1 Deep Seek has shown that AI does not only work via a pure “material battle”. Thanks to a clever load distribution (mixture-of-experts architecture) in the model, the areas that are not currently important are switched off, which leads to less resource consumption with comparable results.
2. Deep Seek is open source (well, sort of, anyway). Anyone can download Deep Seek, but you don’t get any (!) information about training data etc. It is therefore better to speak of open weight.
3. If you want to install Deep Seek on “your own hardware”, you should still pay attention to the system requirements… A cluster of 16 NVIDIA H100 cards with 80 GB memory each is recommended for the large V3 671B model (€30,000 each); the online version of Deep Seek is currently still free, but will probably soon switch to a subscription model
4. Training data and censorship play a major role. For example, Deep Seek does not publish information on certain topics. Deep Seek is also a good example of how models are in fact “colored” and shape the values of users through slight (or major) misinformation or non-information. (To be honest – the large language models don’t do this any differently, only we notice it less there because we are in the same cultural area and because it is a little more cleverly hidden.
5. In my opinion, a feature comparison is not yet worthwhile. There is still a lot of movement.
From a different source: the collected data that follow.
text \<open>The points of height \<open>k\<close> are cut out by finitely many conditions on \<open>(shift ^^ i) x\<close>,
  each asking membership in a closed set (\<open>U\<close> is clopen in the closed set \<open>X\<^sub>\<tau>\<close>).\<close>
lemma height_level_eq:
  assumes "1 \<le> k"
  defines "C i \<equiv> if i < k then subshift u - U else U"
  shows "{x \<in> U. height U x = k} = U \<inter> (\<Inter>i\<in>{1..k}. {x. (shift ^^ i) x \<in> C i})"
proof (intro equalityI subsetI)
  fix x assume "x \<in> {x \<in> U. height U x = k}"
  then have x: "x \<in> U" "height U x = k" by simp_all
  have "(shift ^^ i) x \<in> C i" if i: "i \<in> {1..k}" for i
  proof (cases "i < k")
    case True
    have "(shift ^^ i) x \<in> subshift u" using x(1) U_sub shift_pow_in_subshift by blast
    then show ?thesis
      using True i x(2) shift_pow_notin_below_height[of i U x] by (simp add: C_def)
  next
    case False
    then show ?thesis
      using i x height_returns(2)[OF returns_to_U[OF x(1)]] by (simp add: C_def)
  qed
  then show "x \<in> U \<inter> (\<Inter>i\<in>{1..k}. {x. (shift ^^ i) x \<in> C i})" using x(1) by blast
next
  fix x assume x: "x \<in> U \<inter> (\<Inter>i\<in>{1..k}. {x. (shift ^^ i) x \<in> C i})"
  then have in_C: "(shift ^^ i) x \<in> C i" if "i \<in> {1..k}" for i using that by blast
  have "(shift ^^ k) x \<in> U" using in_C[of k] assms by (simp add: C_def)
  then have "height U x \<le> k" using assms height_le by blast
  moreover have "\<not> height U x < k"
  proof
    assume lt: "height U x < k"
    have "1 \<le> height U x" "(shift ^^ height U x) x \<in> U"
      using height_returns[OF returns_to_U] x by simp_all
    then show False using in_C[of "height U x"] lt by (simp add: C_def)
  qed
  ultimately show "x \<in> {x \<in> U. height U x = k}" using x by simp
qed

lemma closedin_tower_level:
  assumes "1 \<le> k"
  shows "closedin seq_topology (tower_level U k j)"
proof -
  let ?C = "\<lambda>i. if i < k then subshift u - U else U"
  have "closedin seq_topology (U \<inter> (\<Inter>i\<in>{1..k}. {x. (shift ^^ i) x \<in> ?C i}))"
  proof (intro closedin_Int closedin_INT closedin_shift_pow_preimage)
    show "{1..k} \<noteq> {}" using assms by simp
    show "closedin seq_topology (?C i)" for i
      using closedin_U closedin_subshift_diff_U by simp
  qed (rule closedin_U)
  then show ?thesis
    unfolding tower_level_def height_level_eq[OF assms] by (rule closedin_shift_pow_image)
qed


abbreviation tower_indices :: "(nat \<times> nat) set" where
  "tower_indices \<equiv> {(k, j). 1 \<le> k \<and> k \<le> Max (height U ` U) \<and> j < k}"

lemma finite_tower_indices: "finite tower_indices"
  by (rule finite_subset[of _ "{..Max (height U ` U)} \<times> {..Max (height U ` U)}"]) auto

lemma tower_level_subset: "tower_level U k j \<subseteq> subshift u"
  using U_sub shift_pow_in_subshift by (auto simp: tower_level_def)
lemma unbounded_pos_sol_tendsto_infinity:
  assumes sol: "pos_sol N u l" and "0 \<le> l" "2 \<le> N"
    and unbounded: "\<not> bounded (u ` {l<..})"
    and tail: "\<And>b. l < b \<Longrightarrow> \<exists>K. \<forall>x\<ge>b. u x \<le> K"
  shows "filterlim u at_top (at_right l)"
proof -
  have high: "\<exists>y. l < y \<and> y < b \<and> M < u y" if "l < b" for b M
  proof (rule ccontr)
    assume "\<not> ?thesis"
    then have "u y \<le> M" if "l < y" "y < b" for y using that by force
    moreover obtain K where "\<forall>x\<ge>b. u x \<le> K" using tail[OF \<open>l < b\<close>] by blast
    ultimately have "\<bar>u y\<bar> \<le> max M K" if "l < y" for y
      using pos_solD(2)[OF sol that] that by (cases "y < b") (auto simp: not_less le_max_iff_disj)
    then have "bounded (u ` {l<..})" by (auto simp: bounded_iff)
    then show False using unbounded by blast
  qed
  show ?thesis unfolding filterlim_at_top
  proof (rule allI, rule ccontr)
    fix Z assume "\<not> (\<forall>\<^sub>F x in at_right l. Z \<le> u x)"
    define M where "M = max Z 1"
    have low: "\<exists>y. l < y \<and> y < b \<and> u y < M" if "l < b" for b
      using \<open>\<not> (\<forall>\<^sub>F x in at_right l. Z \<le> u x)\<close> that
      unfolding eventually_at_right_field M_def by force
    \<comment> \<open>alternate below and above the level \<open>M\<close> while approaching \<open>l\<close>\<close>
    obtain r where r: "l < r" "u r < M" using low[of "l + 1"] by auto
    obtain q where q: "l < q" "q < r" "M < u q" using high[OF r(1)] by auto
    obtain p where p: "l < p" "p < q" "u p < M" using low[OF q(1)] by auto
    obtain p' where p': "l < p'" "p' < p" "M < u p'" using high[OF p(1)] by auto
    have deriv: "(u has_real_derivative deriv u x) (at x)" if "l < x" for x
      using pos_solD(3)[OF sol that] .
    obtain n where n: "n \<in> {p'<..<q}" "deriv u n = 0" "u n \<le> u p"
      by (rule interior_min_critical[of p' q u "deriv u" p]) (use deriv p p' q in auto)
    obtain m where m: "m \<in> {n<..<r}" "deriv u m = 0" "u q \<le> u m"
      by (rule interior_max_critical[of n r u "deriv u" q]) (use deriv n p p' q r in auto)
    have "u m < u n"
      by (rule critical_values_decrease[OF sol]) (use assms n m p p' q M_def in auto)
    then show False using n m p q by simp
  qed
qed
However, you can already see that Deep Seek can keep up with the big language models.

Deep Seek is a “game changer” in that someone has finally shown that it is possible to develop a large language model with significantly less hardware.

President Trump has just announced $500 billion in investments, and NVIDIA is probably delighted – Deep Seek has cast a light to medium shadow on this. However, in my opinion this should not be dramatic, as AI is still incredibly computationally intensive. And, of course, all major providers are trying to optimize their models, algorithms and architectures anyway. This time the Chinese were faster – so what.

Deep Seek is exciting because – similar to Meta’s LLama model – it can be installed on your own hardware and also used in a meaningful way. This could be an interesting alternative for many companies. However, there is still a lack of experience with Chinese models…